Edwards Rail Car Company

Harry P. Edwards begon in 1917 met de bouw van materieel voor passagierstreinen en richtte in 1921 de Edwards Railway Motor Car Company op. Edwards produceerde meer dan 130 auto’s over een periode van twee decennia en maakte naam bij grote Zuid- en Midden-Amerikaanse spoorwegen, evenals bij Amerikaanse klasse 1 en korte spoorwegmaatschappijen.

VormingsjarenEdit

In 1915 reed de Atlantic and Western Railway, een korte lijn van Sanford naar Lillington, N.C., met een onrendabele stoomtrein voor passagiers die A&W General Manager Harry P. Edwards met stijgende frustratie begon te beschouwen. Op zoek naar een manier om de stroom van rode inkt in te dammen, bouwde Edwards zijn eerste wagon voor gebruik op die spoorlijn. Andere wagens werden gebouwd in de werkplaatsen van de A&W en op de markt gebracht door Edwards en de Atlantic & Western Railway.

Toen het woord zich verspreidde over het Zuiden over de zuinige wagens gebouwd door Edwards, was de vraag naar wagens zodanig dat in 1921 de productiefirma Edwards Railway Motor Car Co. werd opgericht en in 1922 haar nieuwe fabriek in gebruik nam langs de sporen van de A&W. De korte lijn was niet alleen een klant van Edwards, maar de sporen dienden als test-, demonstratie- en ontwikkelingsspoor voor meer dan twintig jaar Edwards autoproductie.

1920-1942Edit

Tijdens het begin van de jaren 1920 was de Model-10, waarvan de motor in de bagageruimte was gemonteerd, zoals de mode was van de meeste andere fabrikanten, het paradepaardje van deze productie. In 1926 begon het bedrijf met de levering van het nieuwe Model-20. Wat het Model-20 onderscheidde van het Model-10 en concurrerende modellen was het ingenieuze, gepatenteerde ontwerp van de motorwagen, met de motor in het voorste frame van de wagen in plaats van in de wagenbak.

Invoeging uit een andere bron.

lemma Cnk_close_line_pair:
  assumes k: "2 \<le> k" and P: "P \<in> Cnk s t \<theta> c l R Lf n k" "P' \<in> Cnk s t \<theta> c l R Lf n k"
    and y: "y \<in> Delta t c P" "y' \<in> Delta t c P'"
    and close: "\<bar>y - y'\<bar> \<le> 4*c*R powr (real k + 1) / Hn c l R (n+1)"
    and P_eq: "P = (p, q, r)" "P' = (p', q', r')" and L: "Lf P = (A, B, C)" "Lf P' = (A', B', C')"
  defines "H \<equiv> Hn c l R (n+1)"
  defines "G \<equiv> H powr (1/(1+t))" and "\<mu> \<equiv> 1/(t*(1+t))"
    and "w \<equiv> 3/t^2 + (real k - 2) * (1/(t*(1+t)))"
  shows "close_line_pair q B A C q' B' A' C' y y' \<theta> c s t R H G w \<mu> k"
proof -
  have "P \<in> Cn s \<theta> c l R Lf n" "P' \<in> Cn s \<theta> c l R Lf n" using P Cnk_subset_Cn by blast+
  note qB = Cn_qB_bounds[OF this(1)] Cn_qB_bounds[OF this(2)]
  have "P \<in> Ccal s \<theta> c" "P' \<in> Ccal s \<theta> c" using \<open>P \<in> Cn _ _ _ _ _ _ _\<close> \<open>P' \<in> Cn _ _ _ _ _ _ _\<close>
    unfolding Cn_def by auto
  note D = Ccal_line_data[OF this(1) P_eq(1) L(1)] and D' = Ccal_line_data[OF this(2) P_eq(2) L(2)]
  have qB': "H/R \<le> q*B" "q*B < H" "H/R \<le> q'*B'" "q'*B' < H"
    using qB P_eq L unfolding H_def qof_def Bof_def by auto
  have "1 \<le> q*B" using D(1,4) by (simp add: int_one_le_iff_zero_less)
  then have H: "1 \<le> H" using qB'(2) by linarith
  then have G: "1 \<le> G" unfolding G_def using t_pos by (simp add: ge_one_powr_ge_zero)
  have HG: "H = G powr (1+t)" unfolding G_def using H t_pos by (simp add: powr_powr)
  have B_range: "G powr t * R powr (-w-\<mu>) \<le> B" "B < G powr t * R powr (-w)"
    "G powr t * R powr (-w-\<mu>) \<le> B'" "B' < G powr t * R powr (-w)"
    using Cnk_B_range[OF k P(1)] Cnk_B_range[OF k P(2)] L
    unfolding G_def H_def \<mu>_def w_def Bof_def by auto
  have exps: "(1+t)*(s*\<mu> - t*w) \<le> -real k - 4" "real k + 4 \<le> 2*w"
    using level_exponents[OF s_pos t_pos s_plus_t, of "real k"] k unfolding \<mu>_def w_def by auto
  have "8*c*R^2 * 1 \<le> 8*c*R^2 * R powr (3/t^2)"
    using c_pos R_ge t_pos by (intro mult_left_mono) (auto simp: ge_one_powr_ge_zero)
  then have c_small': "8*c*R^2 \<le> 1" using c_small by linarith
  have y_near: "\<bar>y - r/q\<bar> < c / q powr (1+t)" "\<bar>y' - r'/q'\<bar> < c / q' powr (1+t)"
    using y unfolding P_eq Delta_def by auto
  have pos: "real_of_int q > 0" "real_of_int q' > 0" "real_of_int B > 0" "real_of_int B' > 0"
    using D(1,4) D'(1,4) by simp_all
  show ?thesis
  proof
    show "\<bar>y - (A*\<theta> + C)/B\<bar> < 2*c/(real_of_int q * B)"
      and "\<bar>y' - (A'*\<theta> + C')/B'\<bar> < 2*c/(real_of_int q' * B')"
      using near_line_value_at_theta[OF pos(1,3) D(3) D(6-8) y_near(1)]
        near_line_value_at_theta[OF pos(2,4) D'(3) D'(6-8) y_near(2)] by simp_all
  qed (use pos c_pos s_pos t_pos s_plus_t D(7) D'(7) close R_ge G HG qB' B_range exps c_small'
      in \<open>simp_all add: H_def\<close>)
qed
(* For all integers $m,n\ge1$ there exist a Heyting algebra $H$ and monotone polynomials $f,g:H\to H$ such that $\mu.f=f^n(\bot)$, $\mu.g=g^m(\bot)$, $\mu.(f\wedge g)=(f\wedge g)^{m+n-1}(\bot)$ and $(f\wedge g)^{m+n-2}(\bot)\neq(f\wedge g)^{m+n-1}(\bot)$.
   Context: A function $f:H\to H$ is a polynomial if there exist an IPC formula $\phi$, a variable $x$ and a valuation $v$ in $H$ of the other variables of $\phi$ such that $f(h)=[\![\phi]\!]_{(v,h/x)}$ for all $h$. $f\wedge g$ is the pointwise meet; $\mu$ denotes least fixed point. *)

theory Defs
  imports Main
begin

record 'a heyting =
  carrier :: "'a set"
  hle :: "'a \<Rightarrow> 'a \<Rightarrow> bool"
  hmeet :: "'a \<Rightarrow> 'a \<Rightarrow> 'a"
  hjoin :: "'a \<Rightarrow> 'a \<Rightarrow> 'a"
  himp :: "'a \<Rightarrow> 'a \<Rightarrow> 'a"
  hbot :: 'a
  htop :: 'a

definition heyting_algebra :: "'a heyting \<Rightarrow> bool" where
  "heyting_algebra H \<longleftrightarrow>
     (\<forall>x\<in>carrier H. hle H x x) \<and>
     (\<forall>x\<in>carrier H. \<forall>y\<in>carrier H. hle H x y \<and> hle H y x \<longrightarrow> x = y) \<and>
     (\<forall>x\<in>carrier H. \<forall>y\<in>carrier H. \<forall>z\<in>carrier H. hle H x y \<and> hle H y z \<longrightarrow> hle H x z) \<and>
     hbot H \<in> carrier H \<and> htop H \<in> carrier H \<and>
     (\<forall>x\<in>carrier H. \<forall>y\<in>carrier H.
        hmeet H x y \<in> carrier H \<and> hjoin H x y \<in> carrier H \<and> himp H x y \<in> carrier H) \<and>
     (\<forall>x\<in>carrier H. \<forall>y\<in>carrier H. \<forall>z\<in>carrier H.
        hle H z (hmeet H x y) \<longleftrightarrow> hle H z x \<and> hle H z y) \<and>
     (\<forall>x\<in>carrier H. \<forall>y\<in>carrier H. \<forall>z\<in>carrier H.
        hle H (hjoin H x y) z \<longleftrightarrow> hle H x z \<and> hle H y z) \<and>
     (\<forall>x\<in>carrier H. hle H (hbot H) x \<and> hle H x (htop H)) \<and>
     (\<forall>x\<in>carrier H. \<forall>y\<in>carrier H. \<forall>z\<in>carrier H.
        hle H z (himp H x y) \<longleftrightarrow> hle H (hmeet H z x) y)"

datatype ipc = PVar nat | PBot | PTop | PAnd ipc ipc | POr ipc ipc | PImp ipc ipc

fun ipc_eval :: "'a heyting \<Rightarrow> (nat \<Rightarrow> 'a) \<Rightarrow> ipc \<Rightarrow> 'a" where
  "ipc_eval H v (PVar i) = v i"
| "ipc_eval H v PBot = hbot H"
| "ipc_eval H v PTop = htop H"
| "ipc_eval H v (PAnd a b) = hmeet H (ipc_eval H v a) (ipc_eval H v b)"
| "ipc_eval H v (POr a b) = hjoin H (ipc_eval H v a) (ipc_eval H v b)"
| "ipc_eval H v (PImp a b) = himp H (ipc_eval H v a) (ipc_eval H v b)"

definition polynomial :: "'a heyting \<Rightarrow> ('a \<Rightarrow> 'a) \<Rightarrow> bool" where
  "polynomial H f \<longleftrightarrow>
     (\<exists>\<phi> x v. (\<forall>i. v i \<in> carrier H) \<and>
        (\<forall>h\<in>carrier H. f h = ipc_eval H (v(x := h)) \<phi>))"

definition hmono :: "'a heyting \<Rightarrow> ('a \<Rightarrow> 'a) \<Rightarrow> bool" where
  "hmono H f \<longleftrightarrow> (\<forall>a\<in>carrier H. \<forall>b\<in>carrier H. hle H a b \<longrightarrow> hle H (f a) (f b))"

definition is_lfp :: "'a heyting \<Rightarrow> ('a \<Rightarrow> 'a) \<Rightarrow> 'a \<Rightarrow> bool" where
  "is_lfp H f a \<longleftrightarrow> a \<in> carrier H \<and> f a = a \<and> (\<forall>b\<in>carrier H. f b = b \<longrightarrow> hle H a b)"

definition pmeet :: "'a heyting \<Rightarrow> ('a \<Rightarrow> 'a) \<Rightarrow> ('a \<Rightarrow> 'a) \<Rightarrow> 'a \<Rightarrow> 'a" where
  "pmeet H f g = (\<lambda>h. hmeet H (f h) (g h))"

end

theory Submission
  imports Defs
begin

text \<open>Work in the finite chain \<open>0 < 1 < \<dots> < N\<close> with \<open>N = m + n - 1\<close>. There the formula
  \<open>(x \<rightarrow> k - 1) \<rightarrow> k\<close> denotes the map sending \<open>x < k\<close> to \<open>k\<close> and everything else to \<open>\<top>\<close>,
  and meets of such maps for \<open>k\<close> ranging over an interval \<open>[a, b)\<close> give the "ladder" that sends
  \<open>x\<close> to the least element of \<open>[a, b)\<close> above \<open>x\<close>, or to \<open>\<top>\<close> if there is none. The ladder
  \<open>f\<close> on \<open>[1, n)\<close> climbs from \<open>\<bottom>\<close> to \<open>\<top>\<close> in \<open>n\<close> steps, the ladder \<open>g\<close> on \<open>[n, N)\<close> jumps to \<open>n\<close>
  and climbs to \<open>\<top>\<close> in \<open>m\<close> steps, while their meet is the ladder on \<open>[1, N)\<close>, which needs all
  \<open>N\<close> steps.\<close>

definition chain_heyting :: "nat \<Rightarrow> nat heyting" where
  "chain_heyting N = \<lparr>carrier = {..N}, hle = (\<le>), hmeet = min, hjoin = max,
      himp = (\<lambda>x y. if x \<le> y then N else y), hbot = 0, htop = N\<rparr>"

lemma heyting_algebra_chain_heyting: "heyting_algebra (chain_heyting N)"
  unfolding heyting_algebra_def chain_heyting_def by auto

lemma is_lfp_chain_heyting_top:
  assumes "F N = N" and "\<And>h. h \<le> N \<Longrightarrow> F h = h \<Longrightarrow> h = N"
  shows "is_lfp (chain_heyting N) F N"
  using assms by (auto simp: is_lfp_def chain_heyting_def)

lemma hmono_chain_heyting: "mono F \<Longrightarrow> hmono (chain_heyting N) F"
  by (auto simp: hmono_def chain_heyting_def mono_def)

definition ladder :: "nat \<Rightarrow> nat \<Rightarrow> nat \<Rightarrow> nat \<Rightarrow> nat" where
  "ladder N a b h = (if max a (h + 1) < b then max a (h + 1) else N)"

lemma mono_ladder: "b \<le> N \<Longrightarrow> mono (ladder N a b)"
  by (auto simp: mono_def ladder_def)

lemma ladder_fixpoint: "ladder N a b h = h \<Longrightarrow> h = N"
  by (auto simp: ladder_def split: if_splits)

lemma min_ladder_ladder:
  "a \<le> b \<Longrightarrow> b \<le> c \<Longrightarrow> c \<le> N \<Longrightarrow> min (ladder N a b h) (ladder N b c h) = ladder N a c h"
  by (auto simp: ladder_def)

lemma funpow_ladder_bot:
  assumes "1 \<le> a" and "b \<le> N"
  shows "(ladder N a b ^^ Suc j) 0 = (if a + j < b then a + j else N)"
  by (induction j) (use assms in \<open>auto simp: ladder_def\<close>)

lemma funpow_ladder_bot_reaches_top:
  "1 \<le> a \<Longrightarrow> a \<le> b \<Longrightarrow> b \<le> N \<Longrightarrow> (ladder N a b ^^ (b - a + 1)) 0 = N"
  using funpow_ladder_bot[of a b N "b - a"] by simp

lemma funpow_ladder_bot_below_top:
  "1 \<le> a \<Longrightarrow> a \<le> b \<Longrightarrow> b \<le> N \<Longrightarrow> j \<le> b - a \<Longrightarrow> (ladder N a b ^^ j) 0 \<noteq> N"
  by (cases j) (use funpow_ladder_bot[of a b N] in auto)

lemma is_lfp_ladder: "b \<le> N \<Longrightarrow> is_lfp (chain_heyting N) (ladder N a b) N"
  by (rule is_lfp_chain_heyting_top) (simp add: ladder_def, metis ladder_fixpoint)

text \<open>Under this valuation the variable \<open>Suc i\<close> names the constant \<open>i\<close>; variable \<open>0\<close> is the
  argument of the polynomial.\<close>

definition constant_valuation :: "nat \<Rightarrow> nat \<Rightarrow> nat" where
  "constant_valuation N i = min (i - 1) N"

definition jump_formula :: "nat \<Rightarrow> ipc" where
  "jump_formula k = PImp (PImp (PVar 0) (PVar k)) (PVar (Suc k))"

fun ladder_formula :: "nat \<Rightarrow> nat \<Rightarrow> ipc" where
  "ladder_formula a 0 = PTop"
| "ladder_formula a (Suc b) = (if a \<le> b then PAnd (ladder_formula a b) (jump_formula b) else PTop)"

lemma eval_jump_formula:
  assumes "1 \<le> k" and "k < N" and "h \<le> N"
  shows "ipc_eval (chain_heyting N) ((constant_valuation N)(0 := h)) (jump_formula k) =
           (if h < k then k else N)"
  using assms by (auto simp: jump_formula_def chain_heyting_def constant_valuation_def)

lemma eval_ladder_formula:
  assumes "1 \<le> a" and "b \<le> N" and "h \<le> N"
  shows "ipc_eval (chain_heyting N) ((constant_valuation N)(0 := h)) (ladder_formula a b) =
           ladder N a b h"
  using assms(2)
proof (induction b)
  case 0
  then show ?case by (simp add: chain_heyting_def ladder_def)
next
  case (Suc b)
  show ?case
  proof (cases "a \<le> b")
    case True
    have "ladder N a (Suc b) h = min (ladder N a b h) (if h < b then b else N)"
      using True Suc.prems by (auto simp: ladder_def)
    moreover have "ipc_eval (chain_heyting N) ((constant_valuation N)(0 := h)) (jump_formula b) =
        (if h < b then b else N)"
      using True Suc.prems assms by (intro eval_jump_formula) auto
    ultimately show ?thesis
      using True Suc by (simp add: chain_heyting_def del: fun_upd_apply)
  next
    case False
    then show ?thesis by (simp add: chain_heyting_def ladder_def)
  qed
qed

lemma polynomial_ladder:
  assumes "1 \<le> a" and "b \<le> N"
  shows "polynomial (chain_heyting N) (ladder N a b)"
  unfolding polynomial_def
proof (intro exI conjI)
  show "\<forall>i. constant_valuation N i \<in> carrier (chain_heyting N)"
    by (simp add: constant_valuation_def chain_heyting_def)
  show "\<forall>h\<in>carrier (chain_heyting N).
          ladder N a b h = ipc_eval (chain_heyting N) ((constant_valuation N)(0 := h)) (ladder_formula a b)"
    using assms eval_ladder_formula by (simp add: chain_heyting_def)
qed

theorem mainTheorem19:
  fixes m n :: nat
  assumes "m \<ge> 1" and "n \<ge> 1"
  shows "\<exists>(H :: nat heyting) f g.
           heyting_algebra H \<and>
           polynomial H f \<and> polynomial H g \<and> hmono H f \<and> hmono H g \<and>
           is_lfp H f ((f ^^ n) (hbot H)) \<and>
           is_lfp H g ((g ^^ m) (hbot H)) \<and>
           is_lfp H (pmeet H f g) ((pmeet H f g ^^ (m + n - 1)) (hbot H)) \<and>
           (pmeet H f g ^^ (m + n - 2)) (hbot H) \<noteq> (pmeet H f g ^^ (m + n - 1)) (hbot H)"
proof -
  define N where "N = m + n - 1"
  define H where "H = chain_heyting N"
  define f where "f = ladder N 1 n"
  define g where "g = ladder N n N"
  have N: "n \<le> N" "1 \<le> N" "N - n + 1 = m" using assms by (simp_all add: N_def)
  have meet: "pmeet H f g = ladder N 1 N"
    using min_ladder_ladder[of 1 n N N] N assms(2)
    by (simp add: pmeet_def H_def chain_heyting_def f_def g_def fun_eq_iff)
  have bot: "hbot H = 0" by (simp add: H_def chain_heyting_def)
  have "(f ^^ n) 0 = N"
    using funpow_ladder_bot_reaches_top[of 1 n N] N assms(2) by (simp add: f_def)
  moreover have "(g ^^ m) 0 = N"
    using funpow_ladder_bot_reaches_top[of n N N] N assms(2)
    unfolding g_def N(3)[symmetric] by simp
  moreover have "(pmeet H f g ^^ N) 0 = N"
    using funpow_ladder_bot_reaches_top[of 1 N N] N by (simp add: meet)
  moreover have "(pmeet H f g ^^ (N - 1)) 0 \<noteq> N"
    using funpow_ladder_bot_below_top[of 1 N N "N - 1"] N by (simp add: meet)
  moreover have "m + n - 2 = N - 1" "m + n - 1 = N" by (simp_all add: N_def)
  moreover have "heyting_algebra H" "polynomial H f" "polynomial H g" "hmono H f" "hmono H g"
    "is_lfp H f N" "is_lfp H g N"
    using N assms(2)
    by (simp_all add: H_def f_def g_def heyting_algebra_chain_heyting polynomial_ladder
        hmono_chain_heyting mono_ladder is_lfp_ladder)
  moreover have "is_lfp H (pmeet H f g) N"
    unfolding meet using N by (simp add: H_def is_lfp_ladder)
  ultimately show ?thesis
    by - (rule exI[of _ H], rule exI[of _ f], rule exI[of _ g], simp add: bot)
qed

end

Edwards productie tijdens de jaren 1930 bestond hoofdzakelijk uit exportwagens waaronder de “moderne” gestroomlijnde Model-21 en de gestroomlijnde versie van het Model-10, met hun kenmerkende schopneus, voor het eerst ontwikkeld door Edwards in 1935. Tegen het einde van de jaren 1930 was de verkoop van treinwagons in de Verenigde Staten op een historisch dieptepunt, en met de oorlog in Europa, verkocht Edwards de fabriek en nieuwe eigenaren her-tooled voor defensie productie in 1940.

In 1942 verloor de Edwards Company zijn corporate identiteit en hield op te bestaan, spoor motorwagens en aanhangwagens waren de enige Edwards producten die onder die naam werden vervaardigd. In 1933 verkocht het bedrijf wagons aan vierenveertig spoorwegmaatschappijen; het uiteindelijke aantal oorspronkelijke kopers lag in de buurt van de vijftig. Met verkopen, in een periode van 22 jaar, aan negentien verschillende landen op het westelijk halfrond. Slechts een handvol Edwards wagens zijn bewaard gebleven.